Provided entries —
theorem theorem2:
  fixes n m :: nat and A :: "nat \<Rightarrow> complex mat" and \<mu>1 \<mu>2 :: complex and w :: "nat \<Rightarrow> real"
    and u1 u2 v1 v2 :: "complex vec" and \<sigma>1 \<sigma>2 :: real
  assumes A_dim: "\<forall>j\<le>m. A j \<in> carrier_mat n n"
    and lead: "det (A m) \<noteq> 0"
    and mu_ne: "\<mu>1 \<noteq> \<mu>2"
    and w_nonneg: "\<forall>j\<le>m. 0 \<le> w j"
    and w0_pos: "0 < w 0"
    and max0: "\<forall>\<gamma>::real. 0 \<le> \<gamma> \<longrightarrow> sval (Fmat n A m \<mu>1 \<mu>2 \<gamma>) (2*n - 1) \<le> sval (Fmat n A m \<mu>1 \<mu>2 0) (2*n - 1)"
    and vecs: "u1 \<in> carrier_vec n" "u2 \<in> carrier_vec n" "v1 \<in> carrier_vec n" "v2 \<in> carrier_vec n"
    and unit: "vnorm u1 = 1" "vnorm u2 = 1" "vnorm v1 = 1" "vnorm v2 = 1"
    and sig1: "\<sigma>1 = sval (mp_eval A m \<mu>1) n"
    and sig2: "\<sigma>2 = sval (mp_eval A m \<mu>2) n"
    and sv1: "mp_eval A m \<mu>1 *\<^sub>v v1 = complex_of_real \<sigma>1 \<cdot>\<^sub>v u1"
             "mat_adjoint (mp_eval A m \<mu>1) *\<^sub>v u1 = complex_of_real \<sigma>1 \<cdot>\<^sub>v v1"
    and sv2: "mp_eval A m \<mu>2 *\<^sub>v v2 = complex_of_real \<sigma>2 \<cdot>\<^sub>v u2"
             "mat_adjoint (mp_eval A m \<mu>2) *\<^sub>v u2 = complex_of_real \<sigma>2 \<cdot>\<^sub>v v2"
    and indep: "\<forall>a b :: complex. a \<cdot>\<^sub>v v1 + b \<cdot>\<^sub>v v2 = 0\<^sub>v n \<longrightarrow> a = 0 \<and> b = 0"
  defines "\<Delta>0 \<equiv> - (mat_of_cols n [u1, u2]
                    * mat_diag 2 (\<lambda>i. if i = 0 then complex_of_real \<sigma>1 else complex_of_real \<sigma>2)
                    * pinv (mat_of_cols n [v1, v2]))"
  shows "on_mp_ball_boundary n m A (spec_norm \<Delta>0 / w 0) w (perturb0 A \<Delta>0)
         \<and> mp_eigenpair n m (perturb0 A \<Delta>0) \<mu>1 v1 \<and> mp_eigenpair n m (perturb0 A \<Delta>0) \<mu>2 v2"
proof -
  define f where "f = (\<lambda>i::nat. if i = 0 then complex_of_real \<sigma>1 else complex_of_real \<sigma>2)"
  define V where "V = mat_of_cols n [v1, v2]"
  define W where "W = mat_of_cols n [u1, u2] * mat_diag 2 f"
  have V: "V \<in> carrier_mat n 2" "full_col_rank V"
    unfolding V_def using full_col_rank_mat_of_cols2[OF vecs(3,4) indep] by (auto simp: numeral_2_eq_2)
  have W: "W \<in> carrier_mat n 2"
    unfolding W_def using mat_of_cols_carrier(1)[of n "[u1, u2]"] by (auto simp: numeral_2_eq_2)
  have D: "\<Delta>0 = - (W * pinv V)" unfolding \<Delta>0_def W_def V_def f_def ..
  have Dc: "\<Delta>0 \<in> carrier_mat n n" using D W pinv_left_inverse(1)[OF V] by auto
  have D_col: "\<Delta>0 *\<^sub>v col V j = - col W j" if "j < 2" for j
    using mult_pinv_col[OF V W that] D V W pinv_left_inverse(1)[OF V] by simp
  have "col W 0 = complex_of_real \<sigma>1 \<cdot>\<^sub>v u1" "col W 1 = complex_of_real \<sigma>2 \<cdot>\<^sub>v u2"
    using col_mat_of_cols_mult_mat_diag[of _ "[u1, u2]" n f] vecs unfolding W_def f_def
    by (auto simp: numeral_2_eq_2)
  moreover have "col V 0 = v1" "col V 1 = v2" unfolding V_def using vecs by auto
  ultimately have "\<Delta>0 *\<^sub>v v1 = - (mp_eval A m \<mu>1 *\<^sub>v v1)" "\<Delta>0 *\<^sub>v v2 = - (mp_eval A m \<mu>2 *\<^sub>v v2)"
    using D_col[of 0] D_col[of 1] sv1(1) sv2(1) by auto
  moreover have "v1 \<noteq> 0\<^sub>v n" "v2 \<noteq> 0\<^sub>v n" using unit(3,4) by auto
  moreover have "0 < n" using dim_vec_pos_if_vnorm_eq_1[OF unit(3)] vecs(3) by simp
  ultimately show ?thesis
    using perturb0_on_mp_ball_boundary[OF A_dim Dc _ w_nonneg w0_pos]
      mp_eigenpair_perturb0[OF A_dim Dc] vecs(3,4) by blast
qed

end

What is required — Retype only the lines above between the line with "(mat_of_cols n [u1, u2]" and the line with "using mult_pinv_col[OF V", counting those two lines as well, and keep every character as it is.

Answer for this exercise —
  defines "\<Delta>0 \<equiv> - (mat_of_cols n [u1, u2]
                    * mat_diag 2 (\<lambda>i. if i = 0 then complex_of_real \<sigma>1 else complex_of_real \<sigma>2)
                    * pinv (mat_of_cols n [v1, v2]))"
  shows "on_mp_ball_boundary n m A (spec_norm \<Delta>0 / w 0) w (perturb0 A \<Delta>0)
         \<and> mp_eigenpair n m (perturb0 A \<Delta>0) \<mu>1 v1 \<and> mp_eigenpair n m (perturb0 A \<Delta>0) \<mu>2 v2"
proof -
  define f where "f = (\<lambda>i::nat. if i = 0 then complex_of_real \<sigma>1 else complex_of_real \<sigma>2)"
  define V where "V = mat_of_cols n [v1, v2]"
  define W where "W = mat_of_cols n [u1, u2] * mat_diag 2 f"
  have V: "V \<in> carrier_mat n 2" "full_col_rank V"
    unfolding V_def using full_col_rank_mat_of_cols2[OF vecs(3,4) indep] by (auto simp: numeral_2_eq_2)
  have W: "W \<in> carrier_mat n 2"
    unfolding W_def using mat_of_cols_carrier(1)[of n "[u1, u2]"] by (auto simp: numeral_2_eq_2)
  have D: "\<Delta>0 = - (W * pinv V)" unfolding \<Delta>0_def W_def V_def f_def ..
  have Dc: "\<Delta>0 \<in> carrier_mat n n" using D W pinv_left_inverse(1)[OF V] by auto
  have D_col: "\<Delta>0 *\<^sub>v col V j = - col W j" if "j < 2" for j
    using mult_pinv_col[OF V W that] D V W pinv_left_inverse(1)[OF V] by simp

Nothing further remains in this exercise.